*** Data to examine ***

lemma cubic_diff: "cubic (c - d) z = cubic c z - cubic d z"
  by (simp add: cubic_def inner_diff_left)

lemma continuous_on_monomials: "continuous_on S (\<lambda>z. monomials z $ m)"
  by (simp add: monomials_def continuous_intros)

lemma cubic_eq_0_on_open_imp_0:
  assumes "open V" "z0 \<in> V" "\<And>z. z \<in> V \<Longrightarrow> cubic c z = 0"
  shows "c = 0"
proof -
  have "c $ inv exps (i, j) = 0" if "i + j \<le> 3" for i j
    using assms that unfolding cubic_as_sum by (rule bivariate_poly_coeffs_eq_0_on_open)
  then have "c $ m = 0" for m
    using exps_degree[of m] inv_f_f[OF inj_exps, of m] by (metis prod.collapse)
  then show ?thesis
    by (simp add: vec_eq_iff)
qed

lemma Pk_add:
  assumes "f \<in> Pk k S" "g \<in> Pk k S"
  shows "(\<lambda>z. f z + g z) \<in> Pk k S"
proof -
  obtain p q where "poly2 k p" "f = ext0 S p" "poly2 k q" "g = ext0 S q"
    using assms unfolding Pk_def by blast
  moreover have "(\<lambda>z. ext0 S p z + ext0 S q z) = ext0 S (\<lambda>z. p z + q z)"
    by (simp add: ext0_def fun_eq_iff)
  ultimately show ?thesis
    unfolding Pk_def using poly2_add by blast
qed

lemma Pk_scale:
  assumes "f \<in> Pk k S"
  shows "(\<lambda>z. r * f z) \<in> Pk k S"
proof -
  obtain p where "poly2 k p" "f = ext0 S p"
    using assms unfolding Pk_def by blast
  moreover have "(\<lambda>z. r * ext0 S p z) = ext0 S (\<lambda>z. r * p z)"
    by (simp add: ext0_def fun_eq_iff)
  ultimately show ?thesis
    unfolding Pk_def using poly2_scale by blast
qed

lemma ext0_const_in_Pk: "ext0 S (\<lambda>_. r) \<in> Pk k S"
  unfolding Pk_def using poly2_const by blast

lemma Pk3_iff_ext0_cubic: "f \<in> Pk 3 S \<longleftrightarrow> (\<exists>e. f = ext0 S (cubic e))"
proof
  assume "f \<in> Pk 3 S"
  then obtain p where "poly2 3 p" "f = ext0 S p"
    unfolding Pk_def by blast
  moreover obtain e where "p = cubic e"
    using \<open>poly2 3 p\<close> by (rule poly2_cubicE)
  ultimately show "\<exists>e. f = ext0 S (cubic e)"
    by blast
next
  assume "\<exists>e. f = ext0 S (cubic e)"
  then show "f \<in> Pk 3 S"
    unfolding Pk_def using poly2_cubic by blast
qed

lemma Pk3_spanned_by_independent:
  fixes f :: "mono3 \<Rightarrow> pt \<Rightarrow> real"
  assumes f: "\<And>k. f k \<in> Pk 3 S"
    and independent: "\<And>w. (\<lambda>z. \<Sum>k\<in>UNIV. w $ k * f k z) = (\<lambda>_. 0) \<Longrightarrow> w = 0"
    and g: "g \<in> Pk 3 S"
  shows "\<exists>w. g = (\<lambda>z. \<Sum>k\<in>UNIV. w $ k * f k z)"
proof -
  obtain e where e: "\<And>k. f k = ext0 S (cubic (e k))"
    using f unfolding Pk3_iff_ext0_cubic by metis
  define L where "L w = (\<Sum>k\<in>UNIV. w $ k *\<^sub>R e k)" for w
  have ext0_L: "ext0 S (cubic (L w)) = (\<lambda>z. \<Sum>k\<in>UNIV. w $ k * f k z)" for w
    by (simp add: fun_eq_iff ext0_def e L_def cubic_def inner_sum_left)
  have "linear L"
    by (rule linearI) (simp_all add: L_def sum.distrib scaleR_add_left scaleR_sum_right)
  moreover have "inj L"
    unfolding linear_inj_iff_eq_0[OF \<open>linear L\<close>]
  proof (intro allI impI)
    fix w
    assume "L w = 0"
    then have "ext0 S (cubic (L w)) = (\<lambda>_. 0)"
      by (simp add: cubic_def ext0_def fun_eq_iff)
    then show "w = 0"
      using independent ext0_L[of w] by simp
  qed
  ultimately have "surj L"
    by (rule linear_inj_imp_surj)
  obtain e0 where "g = ext0 S (cubic e0)"
    using g unfolding Pk3_iff_ext0_cubic by blast
  moreover obtain w where "e0 = L w"
    using \<open>surj L\<close> by (metis surjD)
  ultimately show ?thesis
    using ext0_L by blast
qed

section \<open>Partial derivatives\<close>

definition partial_x :: "(pt \<Rightarrow> real) \<Rightarrow> pt \<Rightarrow> real" where
  "partial_x p z = deriv (\<lambda>t. p (t, snd z)) (fst z)"

definition partial_y :: "(pt \<Rightarrow> real) \<Rightarrow> pt \<Rightarrow> real" where
  "partial_y p z = deriv (\<lambda>t. p (fst z, t)) (snd z)"

lemma poly2_partial_x:
  assumes "poly2 k p"
  shows "poly2 (k - 1) (partial_x p)"
    and "((\<lambda>t. p (t, y)) has_real_derivative partial_x p (x, y)) (at x)"
proof -
  obtain c where p: "p = (\<lambda>z. \<Sum>i\<le>k. \<Sum>j\<le>k - i. c i j * fst z ^ i * snd z ^ j)"
    using assms by (rule poly2E)
  define dx where "dx z = (\<Sum>i\<le>k. \<Sum>j\<le>k - i. c i j * (of_nat i * fst z ^ (i - 1)) * snd z ^ j)" for z
  have dx: "((\<lambda>t. p (t, y)) has_real_derivative dx (x, y)) (at x)" for x y
    unfolding p dx_def by (auto intro!: derivative_eq_intros DERIV_sum)
  then have "partial_x p = dx"
    by (simp add: fun_eq_iff partial_x_def DERIV_imp_deriv)
  moreover have "poly2 (k - 1) dx"
    unfolding dx_def
  proof (intro poly2_sum)
    fix i j assume "i \<in> {..k}" "j \<in> {..k - i}"
    then show "poly2 (k - 1) (\<lambda>z. c i j * (of_nat i * fst z ^ (i - 1)) * snd z ^ j)"
      using poly2_monomial[of "i - 1" j "k - 1" "c i j * of_nat i"]
      by (cases "i = 0") (simp_all add: poly2_const mult_ac)
  qed simp_all
  ultimately show "poly2 (k - 1) (partial_x p)"
    and "((\<lambda>t. p (t, y)) has_real_derivative partial_x p (x, y)) (at x)"
    using dx by simp_all
qed

lemma poly2_partial_y:
  assumes "poly2 k p"
  shows "poly2 (k - 1) (partial_y p)"
    and "((\<lambda>t. p (x, t)) has_real_derivative partial_y p (x, y)) (at y)"
proof -
  obtain c where p: "p = (\<lambda>z. \<Sum>i\<le>k. \<Sum>j\<le>k - i. c i j * fst z ^ i * snd z ^ j)"
    using assms by (rule poly2E)
  define dy where "dy z = (\<Sum>i\<le>k. \<Sum>j\<le>k - i. c i j * fst z ^ i * (of_nat j * snd z ^ (j - 1)))" for z
  have dy: "((\<lambda>t. p (x, t)) has_real_derivative dy (x, y)) (at y)" for x y
    unfolding p dy_def by (auto intro!: derivative_eq_intros DERIV_sum)
  then have "partial_y p = dy"
    by (simp add: fun_eq_iff partial_y_def DERIV_imp_deriv)
  moreover have "poly2 (k - 1) dy"
    unfolding dy_def
  proof (intro poly2_sum)
    fix i j assume "i \<in> {..k}" "j \<in> {..k - i}"
    then show "poly2 (k - 1) (\<lambda>z. c i j * fst z ^ i * (of_nat j * snd z ^ (j - 1)))"
      using poly2_monomial[of i "j - 1" "k - 1" "c i j * of_nat j"]
      by (cases "j = 0") (simp_all add: poly2_const mult_ac)
  qed simp_all
  ultimately show "poly2 (k - 1) (partial_y p)"
    and "((\<lambda>t. p (x, t)) has_real_derivative partial_y p (x, y)) (at y)"
    using dy by simp_all
qed

lemma poly2_directional_derivative:
  assumes "poly2 k p"
  shows "((\<lambda>t. p (z + t *\<^sub>R v)) has_real_derivative
    partial_x p z * fst v + partial_y p z * snd v) (at 0)"
proof -
  obtain c where p: "p = (\<lambda>z. \<Sum>i\<le>k. \<Sum>j\<le>k - i. c i j * fst z ^ i * snd z ^ j)"
    using assms by (rule poly2E)
  have "((\<lambda>t. p (t, snd z)) has_real_derivative
      (\<Sum>i\<le>k. \<Sum>j\<le>k - i. c i j * (of_nat i * fst z ^ (i - 1)) * snd z ^ j)) (at (fst z))"
    unfolding p by (auto intro!: derivative_eq_intros DERIV_sum)
  then have dx: "partial_x p z = (\<Sum>i\<le>k. \<Sum>j\<le>k - i. c i j * (of_nat i * fst z ^ (i - 1)) * snd z ^ j)"
    by (simp add: partial_x_def DERIV_imp_deriv)
  have "((\<lambda>t. p (fst z, t)) has_real_derivative
      (\<Sum>i\<le>k. \<Sum>j\<le>k - i. c i j * fst z ^ i * (of_nat j * snd z ^ (j - 1)))) (at (snd z))"
    unfolding p by (auto intro!: derivative_eq_intros DERIV_sum)
  then have dy: "partial_y p z = (\<Sum>i\<le>k. \<Sum>j\<le>k - i. c i j * fst z ^ i * (of_nat j * snd z ^ (j - 1)))"
    by (simp add: partial_y_def DERIV_imp_deriv)
  have "((\<lambda>t. p (z + t *\<^sub>R v)) has_real_derivative (\<Sum>i\<le>k. \<Sum>j\<le>k - i.
      c i j * (of_nat i * fst z ^ (i - 1) * fst v) * snd z ^ j
      + c i j * fst z ^ i * (of_nat j * snd z ^ (j - 1) * snd v))) (at 0)"
    unfolding p by (auto intro!: derivative_eq_intros DERIV_sum)
  then show ?thesis
    by (simp add: dx dy sum_distrib_left sum.distrib mult_ac)
qed

lemma derivative_eq_0_if_vanishing_right:
  fixes g :: "real \<Rightarrow> real"
  assumes "(g has_real_derivative D) (at 0)" "\<And>t. 0 \<le> t \<Longrightarrow> t \<le> 1 \<Longrightarrow> g t = 0"
  shows "D = 0"
proof -
  have "((\<lambda>h. (g (0 + h) - g 0) / h) \<longlongrightarrow> D) (at_right 0)"
    using assms(1) unfolding DERIV_def by (rule filterlim_mono) (simp_all add: at_le)
  moreover have "eventually (\<lambda>h. (g (0 + h) - g 0) / h = 0) (at_right (0::real))"
    unfolding eventually_at_right_field by (rule exI[of _ 1]) (auto simp: assms(2))
  ultimately have "((\<lambda>h. 0) \<longlongrightarrow> D) (at_right (0::real))"
    by (rule Lim_transform_eventually)
  from tendsto_unique[OF trivial_limit_at_right_real this tendsto_const] show ?thesis .
qed

lemma poly2_gradient_orthogonal_to_segment:
  assumes "poly2 k p" "\<forall>z\<in>closed_segment V W. p z = 0"
  shows "partial_x p V * (fst W - fst V) + partial_y p V * (snd W - snd V) = 0"
proof -
  have "partial_x p V * fst (W - V) + partial_y p V * snd (W - V) = 0"
  proof (rule derivative_eq_0_if_vanishing_right[OF poly2_directional_derivative[OF assms(1)]])
    fix t :: real
    assume "0 \<le> t" "t \<le> 1"
    then have "V + t *\<^sub>R (W - V) \<in> closed_segment V W"
      unfolding in_segment by (intro exI[of _ t]) (simp add: algebra_simps)
    then show "p (V + t *\<^sub>R (W - V)) = 0"
      using assms(2) by blast
  qed
  then show ?thesis by simp
qed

*** End of Data to examine ***

§ Exercise prompt
Working from the entries above, return all lines that contain "obtain".

§ Task result
  obtain p q where "poly2 k p" "f = ext0 S p" "poly2 k q" "g = ext0 S q"
  obtain p where "poly2 k p" "f = ext0 S p"
  then obtain p where "poly2 3 p" "f = ext0 S p"
  moreover obtain e where "p = cubic e"
  obtain e where e: "\<And>k. f k = ext0 S (cubic (e k))"
  obtain e0 where "g = ext0 S (cubic e0)"
  moreover obtain w where "e0 = L w"
  obtain c where p: "p = (\<lambda>z. \<Sum>i\<le>k. \<Sum>j\<le>k - i. c i j * fst z ^ i * snd z ^ j)"
  obtain c where p: "p = (\<lambda>z. \<Sum>i\<le>k. \<Sum>j\<le>k - i. c i j * fst z ^ i * snd z ^ j)"
  obtain c where p: "p = (\<lambda>z. \<Sum>i\<le>k. \<Sum>j\<le>k - i. c i j * fst z ^ i * snd z ^ j)"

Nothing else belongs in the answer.